* [Exercise instructions]: Go over the listing that follows and work out how many lines have the string "assms"; reply with the number by itself.

--------------------

lemma laplacian_norm2_pow:
  "laplacian (norm2_pow b)
     = (\<lambda>\<alpha>. real (2*b) * (real CARD('n) + 2 * real b - 2) * (norm2_pow (b-1) :: 'n::finite coeffs) \<alpha>)"
proof (induction b)
  case 0
  then show ?case by (simp add: norm2_pow_def laplacian_one)
next
  case (Suc b)
  have step: "laplacian (norm2_pow (Suc b) :: 'n coeffs)
      = (\<lambda>\<beta>. 2 * real CARD('n) * norm2_pow b \<beta> + 4 * euler (norm2_pow b) \<beta>
              + mult_norm2 (laplacian (norm2_pow b)) \<beta>)"
    by (simp add: norm2_pow_Suc laplacian_mult_norm2)
  show ?case
  proof (cases b)
    case 0
    then show ?thesis
      using step by (simp add: norm2_pow_def laplacian_one euler_one mult_norm2_zero)
  next
    case (Suc b')
    have "mult_norm2 (laplacian (norm2_pow b :: 'n coeffs))
        = (\<lambda>\<alpha>. real (2*b) * (real CARD('n) + 2 * real b - 2) * mult_norm2 (norm2_pow (b-1)) \<alpha>)"
      by (simp only: Suc.IH mult_norm2_scale)
    also have "\<dots> = (\<lambda>\<alpha>. real (2*b) * (real CARD('n) + 2 * real b - 2) * norm2_pow b \<alpha>)"
      using Suc by (simp add: norm2_pow_Suc)
    finally show ?thesis
      using step by (simp add: euler_norm2_pow algebra_simps fun_eq_iff)
  qed
qed

lemma diff_dir_mult_inner_pow:
  assumes "y \<bullet> y = 1"
  shows "diff_dir y (mult_inner_pow y a c)
      = (\<lambda>\<beta>. mult_inner_pow y a (diff_dir y c) \<beta> + real a * mult_inner_pow y (a-1) c \<beta>)"
proof (induction a)
  case 0
  then show ?case by (simp add: mult_inner_pow_0)
next
  case (Suc a)
  then show ?case
    by (cases a)
      (simp_all add: mult_inner_pow_Suc mult_inner_pow_0 diff_dir_mult_inner[OF assms]
        mult_inner_add mult_inner_scale algebra_simps fun_eq_iff)
qed

lemma laplacian_mult_inner_pow:
  assumes "y \<bullet> y = 1"
  shows "laplacian (mult_inner_pow y a c)
      = (\<lambda>\<beta>. mult_inner_pow y a (laplacian c) \<beta> + real (2*a) * mult_inner_pow y (a-1) (diff_dir y c) \<beta>
              + real (a*(a-1)) * mult_inner_pow y (a-2) c \<beta>)"
proof (induction a)
  case 0
  then show ?case by (simp add: mult_inner_pow_0)
next
  case (Suc a)
  consider "a = 0" | "a = 1" | a' where "a = Suc (Suc a')"
    by (metis One_nat_def not0_implies_Suc)
  then show ?case
  proof cases
    case 1
    then show ?thesis
      by (simp add: mult_inner_pow_Suc mult_inner_pow_0 laplacian_mult_inner algebra_simps)
  next
    case 2
    then show ?thesis
      using Suc.IH by (simp add: mult_inner_pow_Suc mult_inner_pow_0 laplacian_mult_inner
          diff_dir_mult_inner[OF assms] mult_inner_add mult_inner_scale algebra_simps fun_eq_iff)
  next
    case 3
    then show ?thesis
      using Suc.IH diff_dir_mult_inner_pow[OF assms, of a c]
      by (simp add: mult_inner_pow_Suc laplacian_mult_inner mult_inner_add mult_inner_scale
          algebra_simps fun_eq_iff)
  qed
qed

lemma laplacian_zonal_mono:
  assumes "y \<bullet> y = 1"
  shows "laplacian (zonal_mono y a b)
      = (\<lambda>\<beta>. (real (2*b) * (real CARD('n) + 2 * real b - 2) + real (4*a*b))
                * (zonal_mono y a (b-1) :: 'n::finite coeffs) \<beta>
              + real (a*(a-1)) * zonal_mono y (a-2) b \<beta>)"
proof -
  have diff_dir_term: "real (2*a) * mult_inner_pow y (a-1) (diff_dir y (norm2_pow b)) \<beta>
      = real (4*a*b) * mult_inner_pow y a (norm2_pow (b-1)) \<beta>" for \<beta>
  proof (cases a)
    case (Suc a')
    have "mult_inner_pow y (a-1) (diff_dir y (norm2_pow b))
        = (\<lambda>\<beta>. real (2*b) * mult_inner_pow y (a-1) (mult_inner y (norm2_pow (b-1))) \<beta>)"
      by (simp only: diff_dir_norm2_pow mult_inner_pow_scale)
    also have "\<dots> = (\<lambda>\<beta>. real (2*b) * mult_inner_pow y a (norm2_pow (b-1)) \<beta>)"
      using Suc by (simp add: mult_inner_pow_Suc')
    finally show ?thesis by simp
  qed simp
  show ?thesis
  proof
    fix \<beta>
    have "laplacian (zonal_mono y a b) \<beta> = mult_inner_pow y a (laplacian (norm2_pow b)) \<beta>
          + real (2*a) * mult_inner_pow y (a-1) (diff_dir y (norm2_pow b)) \<beta>
          + real (a*(a-1)) * mult_inner_pow y (a-2) (norm2_pow b) \<beta>"
      unfolding zonal_mono_def laplacian_mult_inner_pow[OF assms] ..
    also have "\<dots> = real (2*b) * (real CARD('n) + 2 * real b - 2) * mult_inner_pow y a (norm2_pow (b-1)) \<beta>
          + real (4*a*b) * mult_inner_pow y a (norm2_pow (b-1)) \<beta>
          + real (a*(a-1)) * mult_inner_pow y (a-2) (norm2_pow b) \<beta>"
      by (simp only: laplacian_norm2_pow mult_inner_pow_scale diff_dir_term)
    finally show "laplacian (zonal_mono y a b) \<beta>
        = (real (2*b) * (real CARD('n) + 2 * real b - 2) + real (4*a*b)) * zonal_mono y a (b-1) \<beta>
          + real (a*(a-1)) * zonal_mono y (a-2) b \<beta>"
      by (simp add: zonal_mono_def algebra_simps)
  qed
qed

lemma finite_exps: "finite (exps k :: ('n::finite \<Rightarrow> nat) set)"
proof -
  have "exps k \<subseteq> PiE (UNIV::'n set) (\<lambda>_. {..k})"
  proof
    fix \<alpha> :: "'n \<Rightarrow> nat" assume a: "\<alpha> \<in> exps k"
    have "\<alpha> i \<le> k" for i
    proof -
      have "\<alpha> i \<le> (\<Sum>j\<in>UNIV. \<alpha> j)" by (rule member_le_sum) auto
      then show ?thesis using a by (simp add: exps_def)
    qed
    then show "\<alpha> \<in> PiE UNIV (\<lambda>_. {..k})" by (auto simp: PiE_def extensional_def)
  qed
  moreover have "finite (PiE (UNIV::'n set) (\<lambda>_. {..k}))" by (intro finite_PiE) auto
  ultimately show ?thesis by (rule finite_subset)
qed

lemma hpoly_eval_add: "hpoly_eval k (\<lambda>\<alpha>. f \<alpha> + g \<alpha>) x = hpoly_eval k f x + hpoly_eval k g x"
  by (simp add: hpoly_eval_def algebra_simps sum.distrib)
lemma hpoly_eval_scale: "hpoly_eval k (\<lambda>\<alpha>. a * f \<alpha>) x = a * hpoly_eval k f x"
  by (simp add: hpoly_eval_def algebra_simps sum_distrib_left)
lemma hpoly_eval_sum: "hpoly_eval k (\<lambda>\<alpha>. \<Sum>i\<in>I. f i \<alpha>) x = (\<Sum>i\<in>I. hpoly_eval k (f i) x)"
  by (simp add: hpoly_eval_def sum_distrib_right sum.swap[of _ I])

lemma hpoly_eval_one: "hpoly_eval 0 one_coeffs x = 1"
proof -
  have "exps 0 = {(\<lambda>_. 0) :: 'a \<Rightarrow> nat}" by (auto simp: exps_def)
  then show ?thesis by (simp add: hpoly_eval_def one_coeffs_def)
qed

lemma hpoly_eval_mult_var: "hpoly_eval (Suc k) (mult_var j c) x = x$j * hpoly_eval k c x"
proof -
  let ?h = "\<lambda>\<beta>::'a\<Rightarrow>nat. \<beta>(j := \<beta> j + 1)"
  let ?A = "{\<alpha> \<in> exps (Suc k). 0 < \<alpha> j}"
  have bij: "bij_betw ?h (exps k) ?A"
  proof (rule bij_betw_byWitness[where f' = "\<lambda>\<alpha>. \<alpha>(j := \<alpha> j - 1)"])
    show "\<forall>\<beta>\<in>exps k. (?h \<beta>)(j := ?h \<beta> j - 1) = \<beta>" by auto
    show "\<forall>\<alpha>\<in>?A. ?h (\<alpha>(j := \<alpha> j - 1)) = \<alpha>" by auto
    show "?h ` exps k \<subseteq> ?A"
    proof
      fix \<alpha> assume "\<alpha> \<in> ?h ` exps k"
      then obtain \<beta> where b: "\<beta> \<in> exps k" "\<alpha> = ?h \<beta>" by auto
      have "(\<Sum>i\<in>UNIV. (\<beta>(j := \<beta> j + 1)) i) + \<beta> j = (\<Sum>i\<in>UNIV. \<beta> i) + (\<beta> j + 1)"
        by (rule sum_fun_upd_nat)
      then show "\<alpha> \<in> ?A" using b by (simp add: exps_def)
    qed
    show "(\<lambda>\<alpha>. \<alpha>(j := \<alpha> j - 1)) ` ?A \<subseteq> exps k"
    proof
      fix \<beta> assume "\<beta> \<in> (\<lambda>\<alpha>. \<alpha>(j := \<alpha> j - 1)) ` ?A"
      then obtain \<alpha> where a: "\<alpha> \<in> ?A" "\<beta> = \<alpha>(j := \<alpha> j - 1)" by auto
      have "(\<Sum>i\<in>UNIV. (\<alpha>(j := \<alpha> j - 1)) i) + \<alpha> j = (\<Sum>i\<in>UNIV. \<alpha> i) + (\<alpha> j - 1)"
        by (rule sum_fun_upd_nat)
      then show "\<beta> \<in> exps k" using a by (simp add: exps_def)
    qed
  qed
  have "hpoly_eval (Suc k) (mult_var j c) x
      = (\<Sum>\<alpha>\<in>exps (Suc k). (if 0 < \<alpha> j then c (\<alpha>(j := \<alpha> j - 1)) * (\<Prod>i\<in>UNIV. x$i ^ \<alpha> i) else 0))"
    unfolding hpoly_eval_def by (intro sum.cong refl) (simp add: mult_var_def)
  also have "\<dots> = (\<Sum>\<alpha>\<in>?A. c (\<alpha>(j := \<alpha> j - 1)) * (\<Prod>i\<in>UNIV. x$i ^ \<alpha> i))"
    by (rule sum.inter_filter[OF finite_exps, symmetric])
  also have "\<dots> = (\<Sum>\<beta>\<in>exps k. c ((?h \<beta>)(j := ?h \<beta> j - 1)) * (\<Prod>i\<in>UNIV. x$i ^ (?h \<beta>) i))"
    by (rule sum.reindex_bij_betw[OF bij, symmetric])
  also have "\<dots> = (\<Sum>\<beta>\<in>exps k. x$j * (c \<beta> * (\<Prod>i\<in>UNIV. x$i ^ \<beta> i)))"
    by (intro sum.cong refl) (simp only: prod_power_fun_upd_Suc, simp)
  also have "\<dots> = x$j * hpoly_eval k c x"
    by (simp add: hpoly_eval_def sum_distrib_left)
  finally show ?thesis .
qed

lemma hpoly_eval_mult_inner: "hpoly_eval (Suc k) (mult_inner y c) x = (y \<bullet> x) * hpoly_eval k c x"
proof -
  have "hpoly_eval (Suc k) (mult_inner y c) x
      = (\<Sum>i\<in>UNIV. hpoly_eval (Suc k) (\<lambda>\<alpha>. y$i * mult_var i c \<alpha>) x)"
    unfolding mult_inner_def by (rule hpoly_eval_sum)
  also have "\<dots> = (\<Sum>i\<in>UNIV. y$i * hpoly_eval (Suc k) (mult_var i c) x)"
    by (simp only: hpoly_eval_scale)
  also have "\<dots> = (\<Sum>i\<in>UNIV. y$i * (x$i * hpoly_eval k c x))"
    by (simp only: hpoly_eval_mult_var)
  also have "\<dots> = (y \<bullet> x) * hpoly_eval k c x"
    by (simp add: inner_vec_def sum_distrib_right mult.assoc)
  finally show ?thesis .
qed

--------------------

* [Problem solution]: 4